Potter smiled, it was faint, but shockingly genuine. "You get to have her a bit longer, Snape. I had them both for seven years." He huffed what could be a laugh again. "It's only fair you get your turn."

Snape smiled faintly back at Potter. Yes, perhaps it was only fair. The boy could stay with him, he would protect him. Dumbledore would approve and perhaps let him leave Hogwarts at least until the boy was eleven. And Potter had stupidly told him his reasoning. Idiot. Potter wanted Snape to take his son? Very well. He would. And when Potter got him back, the boy would hate him. It wouldn't be that hard to manipulate the boy into it.

The ultimate revenge against James Potter.

"You'll take him back before he enters Hogwarts?" Snape forced himself to sound resigned and grumpy, unhappy at being out maneuvered by Potter.

"Yes, yes. The summer before. Can you take him tonight?" Potter was looking at Snape but his fingers were twitching and reaching towards the grave behind his back. Snape's lips twitched as well. Potter was an idiot. It was never more clear.

"Bring him by Spinner's End." It would be easier to turn the boy against Potter if Potter was the one to bring him to Snape. It could be intimated he was giving the boy away instead of letting him be taken. Which he was, after all, it was only fair the boy know it.
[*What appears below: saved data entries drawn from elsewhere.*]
(* Let $X=(\mathbb{R}/\mathbb{Z})^2$ with Lebesgue measure $\mu$, let $f\colon X\to X$ be $f(x,y)=(x+y,y)$, and let $\varphi\colon X\to\mathbb{C}$ be $\varphi(x,y)=e(x)$, where $e(z)=\exp(2\pi i z)$. Let $(a_p)$ be a sequence indexed by the primes, with $a_p$ an integer, $0\leq a_p<p$, such that for almost every $y\in[0,1]$ the set of primes $p$ with $|y-a_p/p|\leq 1/(2p)$ is infinite. For each prime $p$ and $n\in\mathbb{Z}$ let $t_p(n)=e(-na_p/p)$, and define $s_p\colon X\to\mathbb{C}$ by $$s_p(x,y)=\frac{1}{p}\sum_{0\leq n<p}t_p(n)\,\varphi(f^n(x,y)).$$ Then: (1) the sequence $(s_p)$ does not converge $\mu$-almost everywhere as $p\to+\infty$; (2) if $\mathsf{P}$ is an infinite set of primes such that $\sum_{p\in\mathsf{P}}\frac{\log p}{p}<+\infty$, then the sequence $(s_p)_{p\in\mathsf{P}}$ converges $\mu$-almost everywhere to $0$.
   Context: Such sequences $(a_p)$ exist (the paper chooses one via its main theorem with $c=1/2$); the proposition is stated for any such sequence. *)

theory Defs
  imports "HOL-Analysis.Analysis"
begin

text \<open>The torus (R/Z)^2 is represented by the fundamental domain [0,1) x [0,1),
  with Lebesgue measure (restriction of lborel on real x real).\<close>

definition torus :: "(real \<times> real) set" where
  "torus = {0..<1} \<times> {0..<1}"

definition e :: "real \<Rightarrow> complex" where
  "e z = exp (2 * of_real pi * \<i> * of_real z)"

definition skew :: "real \<times> real \<Rightarrow> real \<times> real" where
  "skew z = (frac (fst z + snd z), snd z)"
Potter sighed in relief and smiled at Snape, a genuine smile, although it held triumph and an a hint of a smirk in it. It said 'I win, Snape.' Snape scowled back and abruptly turned his back on Potter, leaving him to his dead wife and her grave. Only when he had apparated did he allow himself the fainted of smirks.

The irony of it all was that, when the time was right, all it would be to make the boy hate Potter would be the memory of today. After careful molding of course. Such poetic justice made Snape actually want to laugh. He didn't, on today of all days it would be blasphemy, but he wanted to.

Snape made his way to the dingy derelict house, brushing past heavy wards, and made his way up to the door. He had much to do before the boy arrived. His old room would suffice for the boy, although it needed to be cleaned. And now that he could quit Hogwarts he would make more money. More time on his hands meant more new potions which meant he would soon be rich if he was clever enough.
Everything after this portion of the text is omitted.